しかしながら、おしごとアドバイザーの事業予算は次年度に計上されず、2022年3月末をもって事業終了となりました。終了してしまったのは大変に残念なことで、相談者からも惜しむ声が多く寄せられました。今後予算が復活するかどうかは分かりませんが、必要なサービスだったと思います。

ただし、あくまで個人的な事情なのですが、事業終了でおしごとアドバイザーの任務から解かれて、内心ホッとした気持ちもありました。この仕事を始めてから深夜帰宅の日々になり、わが家は父親の家庭不在が続いてファザーリング的には良くない状態でした。

そして、コロナ禍でリモートワークが進み、企業研修はオンライン実施が通常になって、講演依頼が戻ってきました。当初はオンラインに苦手意識があったのですが慣れるうちに勘所をつかみ、オンライン講演を積極的に引き受けるようになりました。

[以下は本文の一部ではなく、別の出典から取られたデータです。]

(* Let $k\ge1$ and $n\ge 2^k-1$ be integers, and set $n_2=2^k-1$, $n_1=n-n_2$. Then in the binary symmetric channel with a single error and one-time feedback (after the first $n_1$ symbols), one can transmit $$M_1(n)=2^{n_1}\left\lfloor\frac{2^{n_2}}{n_1+n_2+1}\right\rfloor$$ messages with a single-error-correcting strategy.
   Context: Binary symmetric channel: alphabet $\{0,1\}$, an error replaces a symbol by the other symbol; "a single error" means at most one error in the whole transmission. A strategy with one-time feedback after $n_1$ symbols for messages $m\in[M]$: the first $n_1$ transmitted symbols depend only on $m$; then the encoder learns the $n_1$ received symbols (error-free, instantaneously), and the remaining $n_2$ symbols depend on $m$ and those received symbols. It transmits $M$ messages with a single error if the sets of output sequences reachable from distinct messages with at most one error are pairwise disjoint. *)

theory Defs
  imports Main
begin

definition hdist :: "bool list \<Rightarrow> bool list \<Rightarrow> nat" where
  "hdist xs ys = length (filter (\<lambda>(a, b). a \<noteq> b) (zip xs ys))"

text \<open>A strategy with one-time feedback after n1 symbols, for messages
m in {..<M}: enc1 m is the first block (length n1), depending only on m;
enc2 m z is the second block (length n2), depending on m and the received
first block z (for every possible received word z of length n1).\<close>

definition fb_strategy ::
  "nat \<Rightarrow> nat \<Rightarrow> nat \<Rightarrow> (nat \<Rightarrow> bool list) \<Rightarrow> (nat \<Rightarrow> bool list \<Rightarrow> bool list) \<Rightarrow> bool" where
  "fb_strategy n1 n2 M enc1 enc2 \<longleftrightarrow>
     (\<forall>m<M. length (enc1 m) = n1 \<and>
        (\<forall>z. length z = n1 \<longrightarrow> length (enc2 m z) = n2))"

definition fb_outputs ::
  "nat \<Rightarrow> nat \<Rightarrow> (nat \<Rightarrow> bool list) \<Rightarrow> (nat \<Rightarrow> bool list \<Rightarrow> bool list) \<Rightarrow> nat \<Rightarrow> bool list set" where
  "fb_outputs n1 n2 enc1 enc2 m =
     {z1 @ z2 | z1 z2. length z1 = n1 \<and> length z2 = n2 \<and>
        hdist (enc1 m) z1 + hdist (enc2 m z1) z2 \<le> 1}"

definition transmits_single_error ::
  "nat \<Rightarrow> nat \<Rightarrow> nat \<Rightarrow> (nat \<Rightarrow> bool list) \<Rightarrow> (nat \<Rightarrow> bool list \<Rightarrow> bool list) \<Rightarrow> bool" where
  "transmits_single_error n1 n2 M enc1 enc2 \<longleftrightarrow>
     fb_strategy n1 n2 M enc1 enc2 \<and>
     (\<forall>m<M. \<forall>m'<M. m \<noteq> m' \<longrightarrow>
        fb_outputs n1 n2 enc1 enc2 m \<inter> fb_outputs n1 n2 enc1 enc2 m' = {})"

end

theory Submission
  imports Defs "HOL-Library.Disjoint_Sets"
begin

(* Split a message into a first block a (any of the 2^n1 words of length n1) and an index b < B.
   If the first block arrives intact, the encoder sends the b-th word of a code C of length n2
   whose radius-1 balls are disjoint; if it arrived with an error at position i, no further error
   can occur, so the encoder sends a spare word s(b, i) lying outside these B balls. The outputs of
   distinct messages are disjoint as soon as B (n2 + 1) + B n1 <= 2^n2. The Hamming code of length
   n2 = 2^k - 1 is perfect, so it has 2^n2 / (n2 + 1) codewords, enough for
   B = floor (2^n2 / (n1 + n2 + 1)). *)

lemma card_bool_lists_length: "card {xs :: bool list. length xs = n} = 2 ^ n"
  using card_lists_length_eq[of "UNIV :: bool set" n] by simp

lemma finite_bool_lists_length: "finite {xs :: bool list. length xs = n}"
  using finite_lists_length_eq[of "UNIV :: bool set" n] by simp

definition flip_at :: "bool list \<Rightarrow> nat \<Rightarrow> bool list" where
  "flip_at x i = x[i := \<not> x ! i]"

lemma length_flip_at [simp]: "length (flip_at x i) = length x"
  by (simp add: flip_at_def)

lemma flip_at_flip_at [simp]: "flip_at (flip_at x i) i = x"
  by (cases "i < length x") (simp_all add: flip_at_def list_update_beyond)

lemma flip_at_neq [simp]: "i < length x \<Longrightarrow> flip_at x i \<noteq> x"
  by (metis flip_at_def list_update_same_conv nth_list_update_eq)

lemma flip_at_eq_flip_at_iff:
  "i < length x \<Longrightarrow> j < length x \<Longrightarrow> flip_at x i = flip_at x j \<longleftrightarrow> i = j"
  by (auto simp: flip_at_def list_eq_iff_nth_eq nth_list_update)

lemma hdist_Cons_Cons: "hdist (a # x) (b # y) = (if a = b then 0 else 1) + hdist x y"
  by (simp add: hdist_def)

lemma hdist_eq_0_iff: "length x = length y \<Longrightarrow> hdist x y = 0 \<longleftrightarrow> x = y"
  by (induction x y rule: list_induct2) (simp_all add: hdist_def)

lemma hdist_le_1_iff:
  "length x = length y \<Longrightarrow> hdist x y \<le> 1 \<longleftrightarrow> y = x \<or> (\<exists>i<length x. y = flip_at x i)"
proof (induction x y rule: list_induct2)
  case Nil
  then show ?case by (simp add: hdist_def)
next
  case (Cons a x b y)
  have "(\<exists>i<length (a # x). b # y = flip_at (a # x) i) \<longleftrightarrow>
        (b \<noteq> a \<and> y = x) \<or> (b = a \<and> (\<exists>i<length x. y = flip_at x i))"
    by (auto simp: flip_at_def less_Suc_eq_0_disj)
  then show ?case
    using Cons by (auto simp: hdist_Cons_Cons hdist_eq_0_iff)
qed

definition hamming_ball1 :: "bool list \<Rightarrow> bool list set" where
  "hamming_ball1 c = {y. length y = length c \<and> hdist c y \<le> 1}"

lemma hamming_ball1_eq: "hamming_ball1 c = insert c (flip_at c ` {..<length c})"
proof -
  have "y \<in> hamming_ball1 c \<longleftrightarrow> y = c \<or> (\<exists>i<length c. y = flip_at c i)" for y
    using hdist_le_1_iff[of c y] by (auto simp: hamming_ball1_def)
  then show ?thesis
    by auto
qed

lemma finite_hamming_ball1 [simp]: "finite (hamming_ball1 c)"
  by (simp add: hamming_ball1_eq)

lemma card_hamming_ball1: "card (hamming_ball1 c) = length c + 1"
proof -
  have "inj_on (flip_at c) {..<length c}"
    by (auto intro: inj_onI simp: flip_at_eq_flip_at_iff)
  then show ?thesis
    by (auto simp: hamming_ball1_eq card_image card_insert_if dest: sym)
qed

lemma xor_less_power2:
  fixes a b :: nat
  assumes "a < 2 ^ k" and "b < 2 ^ k"
  shows "xor a b < 2 ^ k"
  using assms by (metis take_bit_nat_eq_self_iff take_bit_nat_less_exp take_bit_xor)

fun syndrome_from :: "nat \<Rightarrow> bool list \<Rightarrow> nat" where
  "syndrome_from i [] = 0"
| "syndrome_from i (x # xs) = xor (if x then i else 0) (syndrome_from (Suc i) xs)"

lemma syndrome_from_flip_at:
  "j < length xs \<Longrightarrow> syndrome_from i (flip_at xs j) = xor (syndrome_from i xs) (i + j)"
proof (induction xs arbitrary: i j)
  case Nil
  then show ?case by simp
next
  case (Cons x xs)
  show ?case
  proof (cases j)
    case 0
    then show ?thesis
      by (cases x) (simp_all add: flip_at_def xor.assoc xor.commute[of i] xor.left_commute[of i])
  next
    case (Suc j')
    then have "flip_at (x # xs) j = x # flip_at xs j'"
      by (simp add: flip_at_def)
    then show ?thesis
      using Cons Suc by (simp add: xor.assoc)
  qed
qed

lemma syndrome_from_less: "i + length xs \<le> 2 ^ k \<Longrightarrow> syndrome_from i xs < 2 ^ k"
  by (induction xs arbitrary: i) (simp_all add: xor_less_power2)

(* Positions are numbered from 1, so in a word of length 2^k - 1 they run through the nonzero
   k-bit numbers: an error at position j changes the syndrome by xor with j, and a word with
   syndrome s \<noteq> 0 is decoded by flipping position s. *)
definition hamming_code :: "nat \<Rightarrow> bool list set" where
  "hamming_code k = {c. length c = 2 ^ k - 1 \<and> syndrome_from 1 c = 0}"

definition hamming_decode :: "bool list \<Rightarrow> bool list" where
  "hamming_decode y = (let s = syndrome_from 1 y in if s = 0 then y else flip_at y (s - 1))"

lemma hamming_decode_eq:
  assumes "syndrome_from 1 c = 0" and "y \<in> hamming_ball1 c"
  shows "hamming_decode y = c"
  using assms by (auto simp: hamming_ball1_eq hamming_decode_def syndrome_from_flip_at)

lemma disjoint_family_on_hamming_code: "disjoint_family_on hamming_ball1 (hamming_code k)"
  unfolding disjoint_family_on_def hamming_code_def
  by (metis (mono_tags, lifting) disjoint_iff hamming_decode_eq mem_Collect_eq)

lemma hamming_decode_mem:
  assumes "length y = 2 ^ k - 1"
  shows "hamming_decode y \<in> hamming_code k \<and> y \<in> hamming_ball1 (hamming_decode y)"
proof (cases "syndrome_from 1 y = 0")
  case True
  then show ?thesis
    using assms by (simp add: hamming_decode_def hamming_code_def hamming_ball1_eq)
next
  case False
  define j where "j = syndrome_from 1 y - 1"
  have "syndrome_from 1 y < 2 ^ k"
    using syndrome_from_less[of 1 y k] assms by simp
  then have j: "j < length y" and "1 + j = syndrome_from 1 y"
    using False assms by (simp_all add: j_def)
  then have "syndrome_from 1 (flip_at y j) = 0"
    by (simp add: syndrome_from_flip_at)
  moreover have "hamming_decode y = flip_at y j"
    using False by (simp add: hamming_decode_def j_def)
  ultimately show ?thesis
    using assms j unfolding hamming_code_def hamming_ball1_eq
    by (auto intro!: image_eqI[of y _ j])
qed

lemma card_hamming_code: "2 ^ (2 ^ k - 1) \<le> card (hamming_code k) * 2 ^ k"
proof -
  have fin: "finite (hamming_code k)"
    by (rule finite_subset[OF _ finite_bool_lists_length]) (auto simp: hamming_code_def)
  have "2 ^ (2 ^ k - 1) = card {y :: bool list. length y = 2 ^ k - 1}"
    by (simp add: card_bool_lists_length)
  also have "\<dots> \<le> card (\<Union>c\<in>hamming_code k. hamming_ball1 c)"
  proof (rule card_mono)
    show "finite (\<Union>c\<in>hamming_code k. hamming_ball1 c)"
      using fin by simp
    show "{y. length y = 2 ^ k - 1} \<subseteq> (\<Union>c\<in>hamming_code k. hamming_ball1 c)"
      using hamming_decode_mem by blast
  qed
  also have "\<dots> \<le> (\<Sum>c\<in>hamming_code k. card (hamming_ball1 c))"
    using fin by (rule card_UN_le)
  also have "\<dots> = card (hamming_code k) * 2 ^ k"
    by (simp add: card_hamming_ball1 hamming_code_def)
  finally show ?thesis .
qed

lemma fb_outputs_cases:
  assumes strategy: "fb_strategy n1 n2 M enc1 enc2" and "m < M"
    and y: "y \<in> fb_outputs n1 n2 enc1 enc2 m"
  obtains (first_block_correct) y2
    where "y = enc1 m @ y2" and "y2 \<in> hamming_ball1 (enc2 m (enc1 m))"
  | (first_block_error) i
    where "i < n1" and "y = flip_at (enc1 m) i @ enc2 m (flip_at (enc1 m) i)"
proof -
  obtain z1 z2 where y_eq: "y = z1 @ z2" and len: "length z1 = n1" "length z2 = n2"
    and errors: "hdist (enc1 m) z1 + hdist (enc2 m z1) z2 \<le> 1"
    using y by (auto simp: fb_outputs_def)
  have len_enc: "length (enc1 m) = n1" "length (enc2 m z1) = n2"
    using strategy \<open>m < M\<close> len by (auto simp: fb_strategy_def)
  show thesis
  proof (cases "z1 = enc1 m")
    case True
    then show thesis
      using first_block_correct y_eq errors len len_enc by (simp add: hamming_ball1_def)
  next
    case False
    then obtain i where i: "i < n1" "z1 = flip_at (enc1 m) i"
      using hdist_le_1_iff[of "enc1 m" z1] errors len len_enc by auto
    have "hdist (enc1 m) z1 \<noteq> 0"
      using False hdist_eq_0_iff[of "enc1 m" z1] len len_enc by auto
    then have "z2 = enc2 m z1"
      using hdist_eq_0_iff[of "enc2 m z1" z2] errors len len_enc by simp
    then show thesis
      using first_block_error i y_eq by simp
  qed
qed

(* With at most one error, the received first block is x or a flip of x; on any other z
   the value is irrelevant. *)
definition second_block ::
  "(nat \<Rightarrow> bool list) \<Rightarrow> (nat \<times> nat \<Rightarrow> bool list) \<Rightarrow> nat \<Rightarrow>
    bool list \<Rightarrow> bool list \<Rightarrow> bool list" where
  "second_block c s b x z =
     (if \<exists>i<length x. z = flip_at x i
      then s (b, THE i. i < length x \<and> z = flip_at x i)
      else c b)"

lemma second_block_self: "second_block c s b x x = c b"
  by (auto simp: second_block_def dest: sym)

lemma second_block_flip_at:
  assumes "i < length x"
  shows "second_block c s b x (flip_at x i) = s (b, i)"
proof -
  have "(THE j. j < length x \<and> flip_at x i = flip_at x j) = i"
    using assms by (auto simp: flip_at_eq_flip_at_iff)
  then show ?thesis
    using assms by (auto simp: second_block_def)
qed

そうして講演の仕事が増えて、おしごとアドバイザーの業務との調整が大変になってきました。2021年の秋以降は講演業とおしごとアドバイザーで予定が埋まり、休みがほぼなくなりました。疲労が蓄積して、ストレス解消でサウナ依存症が酷くなりました。

おしごとアドバイザーは6年間行われましたが、私が勤めたのは2年弱で、2500以上の相談に対応しました。キャリアコンサルティングのケースを圧倒的に積むことができたおかげで、キャリアコンサルタントとしての力量が相当に高まりました。

コロナ禍で就職困難の状況は依然として続いており、今後も就職支援の仕事に注力したいところです。

★おしごとアドバイザーの事務局および相談員の皆様、厚生労働省、その他おしごとアドバイザーに関わっていらっしゃった方々に厚く御礼申し上げます。そして、一度もお会いしたことはないのですが、窓口を利用してくださった求職者の皆さんに感謝しています。